Data records:
------------------------------
lemma lambda_max_le_sum_restrict_wall:
  assumes "finite N" "subalgebra \<mu> N" "M \<subseteq> N" "subalgebra \<mu> M" "y \<in> M"
    and W: "W \<in> sep_walls \<mu> M x y"
  shows "lambda_max \<mu> M W \<le> (\<Sum>V\<in>{V \<in> sep_walls \<mu> N x y. restrict_wall M V = W}. lambda_max \<mu> N V)"
proof -
  have "finite M" using assms(1,3) finite_subset by blast
  obtain a b where ab: "is_edge \<mu> M a b" "separates W a b" "lambda_max \<mu> M W = dist a b"
    using lambda_max_attained[OF \<open>finite M\<close> assms(4)] W unfolding sep_walls_def by blast
  have a: "a \<in> M" "b \<in> M" using ab(1) unfolding is_edge_def by auto
  have sep_M: "sep_walls \<mu> M a b = {W}"
    using is_edge_sep_walls[OF ab(1)] ab(2) W unfolding sep_walls_def by blast
  have fibre: "sep_walls \<mu> N a b \<subseteq> {V \<in> sep_walls \<mu> N x y. restrict_wall M V = W}"
  proof
    fix V assume V: "V \<in> sep_walls \<mu> N a b"
    then have "restrict_wall M V = W" using restrict_wall_sep_walls[OF assms(3) a V] sep_M by blast
    then have "separates V x y"
      using separates_restrict_wallD[of M V x y] W assms(5) unfolding sep_walls_def by simp
    then show "V \<in> {V \<in> sep_walls \<mu> N x y. restrict_wall M V = W}"
      using V \<open>restrict_wall M V = W\<close> unfolding sep_walls_def by blast
  qed
  have "lambda_max \<mu> M W \<le> d_mu \<mu> N a b"
    using ab(3) dist_le_d_mu[OF assms(1,2)] a assms(3) by auto
  also have "\<dots> = (\<Sum>V\<in>sep_walls \<mu> N a b. lambda_max \<mu> N V)"
    using a assms(3) unfolding d_mu_def by auto
  also have "\<dots> \<le> (\<Sum>V\<in>{V \<in> sep_walls \<mu> N x y. restrict_wall M V = W}. lambda_max \<mu> N V)"
  proof (rule sum_mono2[OF _ fibre])
    show "finite {V \<in> sep_walls \<mu> N x y. restrict_wall M V = W}"
      using finite_sep_walls[OF assms(1)] by simp
  qed (auto simp: sep_walls_def intro: lambda_max_nonneg[OF assms(1,2)])
  finally show ?thesis .
qed

end

theorem lemma3p4:
  fixes \<mu> :: "'a::metric_space \<Rightarrow> 'a \<Rightarrow> 'a \<Rightarrow> 'a" and M N :: "'a set" and x y :: 'a
  assumes "metric_median_algebra \<mu>"
    and "finite M" and "finite N" and "M \<subseteq> N"
    and "subalgebra \<mu> M" and "subalgebra \<mu> N"
  shows "d_mu \<mu> M x y \<le> d_mu \<mu> N x y"
proof -
  interpret metric_median_structure \<mu>
    using assms(1) by unfold_locales (simp add: metric_median_algebra_def)
  show ?thesis
  proof (cases "x \<in> M \<and> y \<in> M")
    case False
    then have "d_mu \<mu> M x y = 0" unfolding d_mu_def by auto
    then show ?thesis using d_mu_nonneg[OF assms(3,6)] by simp
  next
    case True
    let ?fibre = "\<lambda>W. {V \<in> sep_walls \<mu> N x y. restrict_wall M V = W}"
    have "d_mu \<mu> M x y = (\<Sum>W\<in>sep_walls \<mu> M x y. lambda_max \<mu> M W)"
      using True by (simp add: d_mu_def)
    also have "\<dots> \<le> (\<Sum>W\<in>sep_walls \<mu> M x y. \<Sum>V\<in>?fibre W. lambda_max \<mu> N V)"
      using lambda_max_le_sum_restrict_wall[OF assms(3,6,4,5)] True by (simp add: sum_mono)
    also have "\<dots> = (\<Sum>V\<in>sep_walls \<mu> N x y. lambda_max \<mu> N V)"
    proof (rule sum.group)
      show "restrict_wall M ` sep_walls \<mu> N x y \<subseteq> sep_walls \<mu> M x y"
        using restrict_wall_sep_walls[OF assms(4)] True by blast
    qed (simp_all add: finite_sep_walls assms(2,3))
    also have "\<dots> = d_mu \<mu> N x y"
      using True assms(4) by (auto simp: d_mu_def)
    finally show ?thesis .
  qed
qed

end
lemma not_borel_sigma3_if_finite_columns:
  assumes fin: "\<And>x. (\<And>m. finite {k. x (m, k)}) \<Longrightarrow> x \<in> P"
    and sections: "\<And>M s. countable {(\<lambda>k. x (M, k)) | x. agrees_below M s x \<and> x \<in> P}"
  shows "P \<notin> borel_sigma cantor_top 3"
proof
  assume "P \<in> borel_sigma cantor_top 3"
  then obtain U :: "nat \<Rightarrow> nat \<Rightarrow> _" where U: "\<And>j i. openin cantor_top (U j i)" "P = (\<Union>j. \<Inter>i. U j i)"
    using borel_sigma_3_imp_Union_Gdelta by blast
  have avoid: "\<exists>M' s'. M < M' \<and> agrees_below M s s' \<and> finite_columns_below M' s'
      \<and> (\<forall>x. agrees_below M' s' x \<longrightarrow> x \<notin> (\<Inter>i. U j i))" if "finite_columns_below M s" for j M s
    by (rule avoid_Gdelta[where U="U j", OF U(1) _ sections that]) (auto simp: U(2))
  have "\<exists>x. (\<forall>m. finite {k. x (m, k)})
      \<and> (\<forall>j. \<exists>M s. agrees_below M s x \<and> (\<forall>x. agrees_below M s x \<longrightarrow> x \<notin> (\<Inter>i. U j i)))"
    by (rule finite_columns_fusion) (rule avoid)
  then obtain x where x: "\<forall>m. finite {k. x (m, k)}"
    "\<forall>j. \<exists>M s. agrees_below M s x \<and> (\<forall>x. agrees_below M s x \<longrightarrow> x \<notin> (\<Inter>i. U j i))"
    by (elim exE conjE)
  have "x \<in> P" using x(1) by (intro fin) blast
  then obtain j where "x \<in> (\<Inter>i. U j i)" by (auto simp: U(2))
  moreover obtain M s where "agrees_below M s x" "\<forall>x. agrees_below M s x \<longrightarrow> x \<notin> (\<Inter>i. U j i)"
    using x(2) by blast
  ultimately show False by blast
qed

theorem lemma4p13:
  fixes p :: nat
  assumes "prime p"
    and "p_group p TYPE('a::{ab_group_add, countable})"
    and "reduced_group TYPE('a)"
    and "\<not> bounded_group TYPE('a)"
  shows "(NH p :: (rat \<Rightarrow> nat \<Rightarrow> 'a set) set) \<in> borel_pi (Htop p) 3
       \<and> (NH p :: (rat \<Rightarrow> nat \<Rightarrow> 'a set) set) \<notin> borel_sigma (Htop p) 3"
proof
  show "(NH p :: (rat \<Rightarrow> nat \<Rightarrow> 'a set) set) \<in> borel_pi (Htop p) 3" by (rule NH_in_borel_pi3)
  obtain n and g :: "nat \<Rightarrow> 'a" where hw: "height_witnesses p n g"
    using height_witnesses_exist[OF assms] by blast
  have p: "p \<ge> 2" "p > 0" using prime_ge_2_nat[OF assms(1)] by simp_all
  have "{x. Phi p n g x \<in> NH p} \<notin> borel_sigma cantor_top 3"
  proof (rule not_borel_sigma3_if_finite_columns)
    show "x \<in> {x. Phi p n g x \<in> NH p}" if "\<And>m. finite {k. x (m, k)}" for x
      using Phi_in_NH_if_finite_columns[OF hw p(2) that] by simp
    show "countable {(\<lambda>k. x (M, k)) | x. agrees_below M s x \<and> x \<in> {x. Phi p n g x \<in> NH p}}" for M s
      using countable_columns_Phi_in_NH[OF hw p(1)] by simp
  qed
  then show "(NH p :: (rat \<Rightarrow> nat \<Rightarrow> 'a set) set) \<notin> borel_sigma (Htop p) 3"
    using borel_sigma_vimage[OF continuous_map_Phi[OF hw p(2)]] by auto
qed

end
------------------------------
Task item:
Your task is to restate every record word for word.

Output for this exercise:
lemma lambda_max_le_sum_restrict_wall:
  assumes "finite N" "subalgebra \<mu> N" "M \<subseteq> N" "subalgebra \<mu> M" "y \<in> M"
    and W: "W \<in> sep_walls \<mu> M x y"
  shows "lambda_max \<mu> M W \<le> (\<Sum>V\<in>{V \<in> sep_walls \<mu> N x y. restrict_wall M V = W}. lambda_max \<mu> N V)"
proof -
  have "finite M" using assms(1,3) finite_subset by blast
  obtain a b where ab: "is_edge \<mu> M a b" "separates W a b" "lambda_max \<mu> M W = dist a b"
    using lambda_max_attained[OF \<open>finite M\<close> assms(4)] W unfolding sep_walls_def by blast
  have a: "a \<in> M" "b \<in> M" using ab(1) unfolding is_edge_def by auto
  have sep_M: "sep_walls \<mu> M a b = {W}"
    using is_edge_sep_walls[OF ab(1)] ab(2) W unfolding sep_walls_def by blast
  have fibre: "sep_walls \<mu> N a b \<subseteq> {V \<in> sep_walls \<mu> N x y. restrict_wall M V = W}"
  proof
    fix V assume V: "V \<in> sep_walls \<mu> N a b"
    then have "restrict_wall M V = W" using restrict_wall_sep_walls[OF assms(3) a V] sep_M by blast
    then have "separates V x y"
      using separates_restrict_wallD[of M V x y] W assms(5) unfolding sep_walls_def by simp
    then show "V \<in> {V \<in> sep_walls \<mu> N x y. restrict_wall M V = W}"
      using V \<open>restrict_wall M V = W\<close> unfolding sep_walls_def by blast
  qed
  have "lambda_max \<mu> M W \<le> d_mu \<mu> N a b"
    using ab(3) dist_le_d_mu[OF assms(1,2)] a assms(3) by auto
  also have "\<dots> = (\<Sum>V\<in>sep_walls \<mu> N a b. lambda_max \<mu> N V)"
    using a assms(3) unfolding d_mu_def by auto
  also have "\<dots> \<le> (\<Sum>V\<in>{V \<in> sep_walls \<mu> N x y. restrict_wall M V = W}. lambda_max \<mu> N V)"
  proof (rule sum_mono2[OF _ fibre])
    show "finite {V \<in> sep_walls \<mu> N x y. restrict_wall M V = W}"
      using finite_sep_walls[OF assms(1)] by simp
  qed (auto simp: sep_walls_def intro: lambda_max_nonneg[OF assms(1,2)])
  finally show ?thesis .
qed

end

theorem lemma3p4:
  fixes \<mu> :: "'a::metric_space \<Rightarrow> 'a \<Rightarrow> 'a \<Rightarrow> 'a" and M N :: "'a set" and x y :: 'a
  assumes "metric_median_algebra \<mu>"
    and "finite M" and "finite N" and "M \<subseteq> N"
    and "subalgebra \<mu> M" and "subalgebra \<mu> N"
  shows "d_mu \<mu> M x y \<le> d_mu \<mu> N x y"
proof -
  interpret metric_median_structure \<mu>
    using assms(1) by unfold_locales (simp add: metric_median_algebra_def)
  show ?thesis
  proof (cases "x \<in> M \<and> y \<in> M")
    case False
    then have "d_mu \<mu> M x y = 0" unfolding d_mu_def by auto
    then show ?thesis using d_mu_nonneg[OF assms(3,6)] by simp
  next
    case True
    let ?fibre = "\<lambda>W. {V \<in> sep_walls \<mu> N x y. restrict_wall M V = W}"
    have "d_mu \<mu> M x y = (\<Sum>W\<in>sep_walls \<mu> M x y. lambda_max \<mu> M W)"
      using True by (simp add: d_mu_def)
    also have "\<dots> \<le> (\<Sum>W\<in>sep_walls \<mu> M x y. \<Sum>V\<in>?fibre W. lambda_max \<mu> N V)"
      using lambda_max_le_sum_restrict_wall[OF assms(3,6,4,5)] True by (simp add: sum_mono)
    also have "\<dots> = (\<Sum>V\<in>sep_walls \<mu> N x y. lambda_max \<mu> N V)"
    proof (rule sum.group)
      show "restrict_wall M ` sep_walls \<mu> N x y \<subseteq> sep_walls \<mu> M x y"
        using restrict_wall_sep_walls[OF assms(4)] True by blast
    qed (simp_all add: finite_sep_walls assms(2,3))
    also have "\<dots> = d_mu \<mu> N x y"
      using True assms(4) by (auto simp: d_mu_def)
    finally show ?thesis .
  qed
qed

end
lemma not_borel_sigma3_if_finite_columns:
  assumes fin: "\<And>x. (\<And>m. finite {k. x (m, k)}) \<Longrightarrow> x \<in> P"
    and sections: "\<And>M s. countable {(\<lambda>k. x (M, k)) | x. agrees_below M s x \<and> x \<in> P}"
  shows "P \<notin> borel_sigma cantor_top 3"
proof
  assume "P \<in> borel_sigma cantor_top 3"
  then obtain U :: "nat \<Rightarrow> nat \<Rightarrow> _" where U: "\<And>j i. openin cantor_top (U j i)" "P = (\<Union>j. \<Inter>i. U j i)"
    using borel_sigma_3_imp_Union_Gdelta by blast
  have avoid: "\<exists>M' s'. M < M' \<and> agrees_below M s s' \<and> finite_columns_below M' s'
      \<and> (\<forall>x. agrees_below M' s' x \<longrightarrow> x \<notin> (\<Inter>i. U j i))" if "finite_columns_below M s" for j M s
    by (rule avoid_Gdelta[where U="U j", OF U(1) _ sections that]) (auto simp: U(2))
  have "\<exists>x. (\<forall>m. finite {k. x (m, k)})
      \<and> (\<forall>j. \<exists>M s. agrees_below M s x \<and> (\<forall>x. agrees_below M s x \<longrightarrow> x \<notin> (\<Inter>i. U j i)))"
    by (rule finite_columns_fusion) (rule avoid)
  then obtain x where x: "\<forall>m. finite {k. x (m, k)}"
    "\<forall>j. \<exists>M s. agrees_below M s x \<and> (\<forall>x. agrees_below M s x \<longrightarrow> x \<notin> (\<Inter>i. U j i))"
    by (elim exE conjE)
  have "x \<in> P" using x(1) by (intro fin) blast
  then obtain j where "x \<in> (\<Inter>i. U j i)" by (auto simp: U(2))
  moreover obtain M s where "agrees_below M s x" "\<forall>x. agrees_below M s x \<longrightarrow> x \<notin> (\<Inter>i. U j i)"
    using x(2) by blast
  ultimately show False by blast
qed

theorem lemma4p13:
  fixes p :: nat
  assumes "prime p"
    and "p_group p TYPE('a::{ab_group_add, countable})"
    and "reduced_group TYPE('a)"
    and "\<not> bounded_group TYPE('a)"
  shows "(NH p :: (rat \<Rightarrow> nat \<Rightarrow> 'a set) set) \<in> borel_pi (Htop p) 3
       \<and> (NH p :: (rat \<Rightarrow> nat \<Rightarrow> 'a set) set) \<notin> borel_sigma (Htop p) 3"
proof
  show "(NH p :: (rat \<Rightarrow> nat \<Rightarrow> 'a set) set) \<in> borel_pi (Htop p) 3" by (rule NH_in_borel_pi3)
  obtain n and g :: "nat \<Rightarrow> 'a" where hw: "height_witnesses p n g"
    using height_witnesses_exist[OF assms] by blast
  have p: "p \<ge> 2" "p > 0" using prime_ge_2_nat[OF assms(1)] by simp_all
  have "{x. Phi p n g x \<in> NH p} \<notin> borel_sigma cantor_top 3"
  proof (rule not_borel_sigma3_if_finite_columns)
    show "x \<in> {x. Phi p n g x \<in> NH p}" if "\<And>m. finite {k. x (m, k)}" for x
      using Phi_in_NH_if_finite_columns[OF hw p(2) that] by simp
    show "countable {(\<lambda>k. x (M, k)) | x. agrees_below M s x \<and> x \<in> {x. Phi p n g x \<in> NH p}}" for M s
      using countable_columns_Phi_in_NH[OF hw p(1)] by simp
  qed
  then show "(NH p :: (rat \<Rightarrow> nat \<Rightarrow> 'a set) set) \<notin> borel_sigma (Htop p) 3"
    using borel_sigma_vimage[OF continuous_map_Phi[OF hw p(2)]] by auto
qed

end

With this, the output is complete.